Но под глянцевой поверхностью этого процветания скрывались глубокие трещины. Промышленность производила больше товаров, чем люди могли купить. Фермеры страдали от перепроизводства и падения цен на свою продукцию. А главное, сам рост рынка был во многом искусственным. Он держался на так называемой «маржинальной торговле» — покупке акций в долг. Инвестор мог купить акций на 1000 долларов, имея в кармане всего 100, а остальные 900 ему давал в кредит брокер. Пока рынок рос, всё было прекрасно. Но как только акции начинали падать, брокер требовал немедленно вернуть долг. А поскольку денег у инвестора не было, ему приходилось срочно продавать свои акции по любой цене, чтобы расплатиться. Это, в свою очередь, толкало цены ещё ниже, вызывая цепную реакцию. Система была похожа на карточный домик, который мог рухнуть от малейшего дуновения.

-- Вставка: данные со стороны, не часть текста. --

lemma key_polynomial_inequality:
  fixes s c r t :: real
  assumes t: "0 < t" "t \<le> 5/2"
    and s: "ipoly sinc_lower_poly t / 362880 \<le> s"
    and c: "0 < c" "c \<le> ipoly cos_upper_poly t / 3628800"
    and r: "0 < r" "r \<le> ipoly sinc_cos_gap_upper_poly t / 3628800"
  shows "c * (3 * r)^5 < s^6"
proof -
  let ?S = "ipoly sinc_lower_poly t" and ?C = "ipoly cos_upper_poly t"
    and ?R = "ipoly sinc_cos_gap_upper_poly t"
  have "1000000 * ?S^6 - 243 * (?C * ?R^5) = t * (t * ipoly key_gap_poly t)"
    using arg_cong[OF key_gap_poly_identity, of "\<lambda>cs. ipoly cs t"] by simp
  moreover have "0 < t * (t * ipoly key_gap_poly t)"
    using key_gap_poly_pos t by simp
  ultimately have "(?C / 3628800) * (3 * (?R / 3628800))^5 < (?S / 362880)^6"
    by (simp add: power_divide field_simps)
  moreover have "c * (3 * r)^5 \<le> (?C / 3628800) * (3 * (?R / 3628800))^5"
    using c r by (intro mult_mono power_mono) auto
  moreover have "(?S / 362880)^6 \<le> s^6"
    using s sinc_lower_poly_pos[of t] t by (intro power_mono) auto
  ultimately show ?thesis by linarith
qed

lemma cos_mult_pow5_less_sinc_pow6:
  fixes x :: real
  assumes "0 < x" and "x < pi / 2"
  shows "cos x * (3 * ((sin x / x - cos x) / x\<^sup>2))^5 < (sin x / x)^6"
proof -
  define t where "t = x\<^sup>2"
  define s where "s = sin x / x"
  have t: "0 < t" "t \<le> 5/2"
    using assms(1) power2_less_five_halves[OF assms] by (auto simp: t_def)
  have sinc: "\<bar>s - (1 - t/6 + t\<^sup>2/120 - t^3/5040)\<bar> \<le> t^4/362880"
    using sinc_Maclaurin_bound[of x] assms(1) by (simp add: t_def s_def)
  have cos: "\<bar>cos x - (1 - t/2 + t\<^sup>2/24 - t^3/720 + t^4/40320)\<bar> \<le> t^5/3628800"
    using cos_Maclaurin_bound[of x] by (simp add: t_def)
  have s_lower: "ipoly sinc_lower_poly t / 362880 \<le> s"
    using sinc unfolding abs_le_iff by (simp add: sinc_lower_poly_def field_simps eval_nat_numeral)
  have cos_upper: "cos x \<le> ipoly cos_upper_poly t / 3628800"
    using cos unfolding abs_le_iff by (simp add: cos_upper_poly_def field_simps eval_nat_numeral)
  have "s - cos x \<le> t * (ipoly sinc_cos_gap_upper_poly t / 3628800)"
    using sinc cos unfolding abs_le_iff
    by (simp add: sinc_cos_gap_upper_poly_def field_simps eval_nat_numeral)
  then have gap_upper: "(s - cos x) / t \<le> ipoly sinc_cos_gap_upper_poly t / 3628800"
    using t by (simp add: divide_le_eq mult.commute)
  have gap_pos: "0 < (s - cos x) / t"
    using x_cos_less_sin[of x] assms t by (simp add: s_def field_simps)
  have cos_pos: "0 < cos x"
    using assms by (intro cos_gt_zero) auto
  from key_polynomial_inequality[OF t s_lower cos_pos cos_upper gap_pos gap_upper]
  show ?thesis by (simp add: t_def s_def)
qed

lemma powr_one_fifth_pow5:
  fixes a :: real
  assumes "0 < a"
  shows "(a^5) powr (1/5) = a"
proof -
  have "a^5 = a powr 5"
    using powr_realpow[OF assms, of 5] by simp
  then show ?thesis
    using assms by (simp only: powr_powr) simp
qed

lemma fifth_root_comparison:
  fixes s c r :: real
  assumes "0 < s" and "0 < c" and "0 < r" and "c * r^5 < s^6"
  shows "r / s powr (1/5) < s / c powr (1/5)"
proof -
  have "c powr (1/5) * r = (c * r^5) powr (1/5)"
    using assms by (subst powr_mult) (simp_all add: powr_one_fifth_pow5)
  also have "\<dots> < (s^5 * s) powr (1/5)"
    using assms by (intro powr_less_mono2) (simp_all add: power_Suc2 [symmetric])
  also have "\<dots> = s * s powr (1/5)"
    using assms by (subst powr_mult) (simp_all add: powr_one_fifth_pow5)
  finally show ?thesis
    using assms by (simp add: field_simps)
qed

lemma sinc_power_mean_gap_deriv_pos:
  fixes x :: real
  assumes "0 < x" and "x < pi / 2"
  shows "\<exists>D. ((\<lambda>u. 3 * (sin u / u) powr (4/5) - 2 - cos u powr (4/5)) has_real_derivative D) (at x)
           \<and> 0 < D"
proof -
  define s where "s = sin x / x"
  define c where "c = cos x"
  define r where "r = (s - c) / x\<^sup>2"
  have s: "0 < s"
    using assms by (simp add: s_def sin_gt_zero)
  have c: "0 < c"
    using assms by (simp add: c_def cos_gt_zero)
  have r: "0 < r"
    using x_cos_less_sin[of x] assms by (simp add: r_def s_def c_def field_simps)
  have deriv: "((\<lambda>u. 3 * (sin u / u) powr (4/5) - 2 - cos u powr (4/5)) has_real_derivative
          3 * (4/5 * s powr (4/5 - 1) * ((cos x * x - sin x) / x\<^sup>2)) - 4/5 * c powr (4/5 - 1) * - sin x)
          (at x)" (is "(?g has_real_derivative ?E) _")
    using assms s c unfolding s_def c_def by (auto intro!: derivative_eq_intros simp: power2_eq_square)
  have eq: "?E = 4/5 * x * (s / c powr (1/5) - 3 * r / s powr (1/5))"
  proof -
    have "sin x = x * s" and "cos x = c"
      using assms(1) by (simp_all add: s_def c_def)
    then show ?thesis
      using assms(1) s c by (simp add: r_def powr_minus_divide field_simps power2_eq_square)
  qed
  have "c * (3 * r)^5 < s^6"
    using cos_mult_pow5_less_sinc_pow6[OF assms] by (simp only: s_def c_def r_def)
  then have "0 < 4/5 * x * (s / c powr (1/5) - 3 * r / s powr (1/5))"
    using fifth_root_comparison[of s c "3 * r"] s c r assms(1) by simp
  with deriv show ?thesis
    unfolding eq by blast
qed

lemma power_mean_cos_less_sinc:
  fixes x :: real
  assumes "0 < x" and "x < pi / 2"
  shows "(2 + cos x powr (4/5)) / 3 < (sin x / x) powr (4/5)"
proof -
  define g where "g = (\<lambda>u::real. 3 * (sin u / u) powr (4/5) - 2 - cos u powr (4/5))"
  have mono: "g a < g b" if "0 < a" and "a < b" and "b < pi / 2" for a b
  proof (rule DERIV_pos_imp_increasing[OF that(2)])
    fix u
    assume "a \<le> u" and "u \<le> b"
    then show "\<exists>D. (g has_real_derivative D) (at u) \<and> 0 < D"
      unfolding g_def using that by (intro sinc_power_mean_gap_deriv_pos) auto
  qed
  have "(g \<longlongrightarrow> 0) (at_right 0)"
    unfolding g_def by real_asymp
  moreover have "\<forall>\<^sub>F u in at_right 0. g u \<le> g (x / 2)"
    unfolding eventually_at_right_field
  proof (intro exI[of _ "x / 2"] conjI allI impI)
    fix u :: real
    assume "0 < u" and "u < x / 2"
    then show "g u \<le> g (x / 2)"
      using assms by (intro less_imp_le mono) auto
  qed (use assms in auto)
  ultimately have "0 \<le> g (x / 2)"
    by (rule tendsto_upperbound) simp
  also have "g (x / 2) < g x"
    using assms by (intro mono) auto
  finally show ?thesis
    by (simp add: g_def)
qed

section \<open>Sufficiency\<close>

lemma powr_two_minus_le_powr:
  fixes u \<sigma> :: real
  assumes "1 \<le> u" and "u < 3/2" and "\<sigma> \<le> 1"
  shows "u powr (2 - 2 * \<sigma>) \<le> (3 - 2 * u) powr (\<sigma> - 1)"
proof -
  have "u\<^sup>2 * (3 - 2 * u) \<le> 1"
  proof -
    have "1 - u\<^sup>2 * (3 - 2 * u) = (u - 1)\<^sup>2 * (2 * u + 1)"
      by (simp add: algebra_simps power2_eq_square)
    moreover have "0 \<le> (u - 1)\<^sup>2 * (2 * u + 1)"
      using assms by simp
    ultimately show ?thesis by linarith
  qed
  then have "u\<^sup>2 \<le> 1 / (3 - 2 * u)"
    using assms by (simp add: field_simps)
  have "u powr (2 - 2 * \<sigma>) = (u powr 2) powr (1 - \<sigma>)"
    by (simp add: powr_powr algebra_simps)
  also have "\<dots> = (u\<^sup>2) powr (1 - \<sigma>)"
    using assms by simp
  also have "\<dots> \<le> (1 / (3 - 2 * u)) powr (1 - \<sigma>)"
    using \<open>u\<^sup>2 \<le> 1 / (3 - 2 * u)\<close> assms by (intro powr_mono2) auto
  also have "\<dots> = (3 - 2 * u) powr (\<sigma> - 1)"
    using assms by (simp add: powr_divide powr_minus_divide [symmetric])
  finally show ?thesis .
qed

lemma weighted_powr_sum_le_one:
  fixes B \<sigma> :: real
  assumes "1 \<le> B" and "B < 3/2" and "0 < \<sigma>" and "\<sigma> \<le> 1"
  shows "2 * \<sigma> / 3 * B powr (3 - 2 * \<sigma>) + (1 - 2 * \<sigma> / 3) * (3 - 2 * B) powr \<sigma> \<le> 1"
proof -
  define g where "g = (\<lambda>u. 2 * \<sigma> / 3 * u powr (3 - 2 * \<sigma>) + (1 - 2 * \<sigma> / 3) * (3 - 2 * u) powr \<sigma>)"
  have "g B \<le> g 1"
  proof (rule DERIV_nonpos_imp_nonincreasing[OF assms(1)])
    fix u :: real
    assume u: "1 \<le> u" "u \<le> B"
    have deriv: "(g has_real_derivative
            2 * \<sigma> / 3 * ((3 - 2 * \<sigma>) * u powr (3 - 2 * \<sigma> - 1))
            + (1 - 2 * \<sigma> / 3) * (\<sigma> * (3 - 2 * u) powr (\<sigma> - 1) * - 2)) (at u)"
      unfolding g_def using u assms by (auto intro!: derivative_eq_intros)
    have eq: "2 * \<sigma> / 3 * ((3 - 2 * \<sigma>) * u powr (3 - 2 * \<sigma> - 1))
            + (1 - 2 * \<sigma> / 3) * (\<sigma> * (3 - 2 * u) powr (\<sigma> - 1) * - 2)
        = 2 * \<sigma> / 3 * (3 - 2 * \<sigma>) * (u powr (2 - 2 * \<sigma>) - (3 - 2 * u) powr (\<sigma> - 1))"
      by (simp add: algebra_simps; simp add: field_simps)
    have "2 * \<sigma> / 3 * (3 - 2 * \<sigma>) * (u powr (2 - 2 * \<sigma>) - (3 - 2 * u) powr (\<sigma> - 1)) \<le> 0"
      using powr_two_minus_le_powr[of u \<sigma>] u assms by (intro mult_nonneg_nonpos) auto
    with deriv show "\<exists>D. (g has_real_derivative D) (at u) \<and> D \<le> 0"
      unfolding eq by blast
  qed
  then show ?thesis
    by (simp add: g_def)
qed

lemma critical_mean_bound:
  fixes \<sigma> m Y :: real
  assumes "0 < \<sigma>" and "\<sigma> \<le> 1" and "0 < m" and "m \<le> 1" and "(2 + m) / 3 < Y"
  shows "2 * \<sigma> / 3 * Y powr - (3 - 2 * \<sigma>) + (1 - 2 * \<sigma> / 3) * (Y powr - \<sigma> * m powr \<sigma>) < 1"
proof -
  define B where "B = 3 / (2 + m)"
  have B: "1 \<le> B" "B < 3/2"
    using assms(3,4) by (auto simp: B_def field_simps)
  have "Y powr - (3 - 2 * \<sigma>) < ((2 + m) / 3) powr - (3 - 2 * \<sigma>)"
    using assms by (intro powr_less_mono2_neg) auto
  also have "\<dots> = B powr (3 - 2 * \<sigma>)"
    by (simp only: powr_minus inverse_powr [symmetric]) (simp add: B_def)
  finally have first: "Y powr - (3 - 2 * \<sigma>) < B powr (3 - 2 * \<sigma>)" .
  have "Y powr - \<sigma> * m powr \<sigma> < ((2 + m) / 3) powr - \<sigma> * m powr \<sigma>"
    using assms by (intro mult_strict_right_mono powr_less_mono2_neg) auto
  also have "\<dots> = B powr \<sigma> * m powr \<sigma>"
    by (simp only: powr_minus inverse_powr [symmetric]) (simp add: B_def)
  also have "\<dots> = (m * B) powr \<sigma>"
    using assms(3) B by (simp add: powr_mult)
  also have "m * B = 3 - 2 * B"
    using assms(3) by (simp add: B_def field_simps)
  finally have second: "Y powr - \<sigma> * m powr \<sigma> < (3 - 2 * B) powr \<sigma>" .
  have "2 * \<sigma> / 3 * Y powr - (3 - 2 * \<sigma>) + (1 - 2 * \<sigma> / 3) * (Y powr - \<sigma> * m powr \<sigma>)
      < 2 * \<sigma> / 3 * B powr (3 - 2 * \<sigma>) + (1 - 2 * \<sigma> / 3) * (3 - 2 * B) powr \<sigma>"
    using assms(1,2) first second by (intro add_strict_mono mult_strict_left_mono) auto
  also have "\<dots> \<le> 1"
    using B assms(1,2) by (rule weighted_powr_sum_le_one)
  finally show ?thesis .
qed
definition nonlocal_op :: "(real \<Rightarrow> real) \<Rightarrow> (real \<Rightarrow> real) \<Rightarrow> real \<Rightarrow> real" where
  "nonlocal_op J \<phi> z = (LINT y|lebesgue. J y * \<phi> (z - y)) - \<phi> z"

definition admissible :: "(real \<Rightarrow> real) \<Rightarrow> bool" where
  "admissible \<phi> \<longleftrightarrow> (\<forall>z. 0 \<le> \<phi> z) \<and> bounded (range \<phi>) \<and> \<phi> C1_differentiable_on UNIV"

end

theory Submission
  imports Defs
begin

text \<open>Each component \<open>\<phi>\<close> of a solution satisfies \<open>- s \<phi>' = d \<N>[\<phi>] + r \<phi> q\<close> with a bounded
  rate \<open>q\<close>; for \<open>\<phi>\<^sub>3\<close> the rate is eventually negative at \<open>-\<infinity>\<close> because \<open>\<alpha>(-\<infinity>) < 0\<close>, and once
  \<open>\<phi>\<^sub>3 \<rightarrow> 0\<close> the same holds for \<open>\<phi>\<^sub>1, \<phi>\<^sub>2\<close>, whose rates are at most \<open>-1 + a \<phi>\<^sub>3\<close>.
  For such a component, \<open>\<N>[\<phi>]\<close> is the derivative of \<open>\<N>[\<Phi>]\<close>, \<open>\<Phi>\<close> a primitive of \<open>\<phi>\<close>, which is
  bounded since \<open>\<Phi>\<close> is Lipschitz and (J3) gives \<open>J\<close> a first moment.  Hence
  \<open>G = s \<phi> + d \<N>[\<Phi>]\<close> is bounded and nondecreasing near \<open>-\<infinity>\<close> with \<open>G' \<ge> c \<phi>\<close>; as \<open>\<phi>\<close> is
  Lipschitz, this forces \<open>\<phi>(z) \<rightarrow> 0\<close>.\<close>

lemma increment_ge_of_deriv_ge:
  fixes f f' :: "real \<Rightarrow> real"
  assumes "a \<le> b"
    and "\<And>x. a \<le> x \<Longrightarrow> x \<le> b \<Longrightarrow> (f has_real_derivative f' x) (at x)"
    and "\<And>x. a \<le> x \<Longrightarrow> x \<le> b \<Longrightarrow> m \<le> f' x"
  shows "(b - a) * m \<le> f b - f a"
proof (cases "a = b")
  case False
  with assms(1) have "a < b"
    by simp
  then obtain \<xi> where "a < \<xi>" "\<xi> < b" "f b - f a = (b - a) * f' \<xi>"
    using MVT2[OF _ assms(2)] by blast
  then show ?thesis
    using assms(1) assms(3)[of \<xi>] by (simp add: mult_left_mono)
qed simp

lemma lipschitz_const_nonneg:
  fixes f :: "real \<Rightarrow> real"
  assumes "\<And>u v. \<bar>f u - f v\<bar> \<le> L * \<bar>u - v\<bar>"
  shows "0 \<le> L"
  using assms[of 1 0] by (metis abs_ge_zero abs_one diff_zero mult.right_neutral order_trans)

lemma lipschitz_of_deriv_bounded:
  fixes f f' :: "real \<Rightarrow> real"
  assumes "\<And>x. (f has_real_derivative f' x) (at x)" and "\<And>x. \<bar>f' x\<bar> \<le> B"
  shows "\<bar>f u - f v\<bar> \<le> B * \<bar>u - v\<bar>"
  using field_differentiable_bound[of UNIV f f' B u v] assms by simp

И это дуновение произошло в конце октября 1929 года. После нескольких тревожных дней, когда рынок слегка покачивало, 24 октября, в «чёрный четверг», началась паника. Цены на акции резко пошли вниз. Толпы людей собирались у здания фондовой биржи, в ужасе глядя на телеграфные ленты, выплёвывавшие всё новые и новые цифры падения. Крупнейшие банкиры Уолл-стрит попытались спасти положение, демонстративно скупая большие пакеты акций, чтобы показать свою уверенность в рынке. На какое-то время это сработало. Но это было всё равно что пытаться остановить цунами с помощью ведра и лопаты. На следующей неделе паника вернулась с удвоенной силой. 29 октября, в «чёрный вторник», рынок окончательно рухнул. За один день было продано более 16 миллионов акций. Телефонные линии были перегружены, телеграфные аппараты не успевали печатать котировки. Тысячи людей за несколько часов превратились из миллионеров в нищих. Танец на вулкане закончился. Началась Великая депрессия.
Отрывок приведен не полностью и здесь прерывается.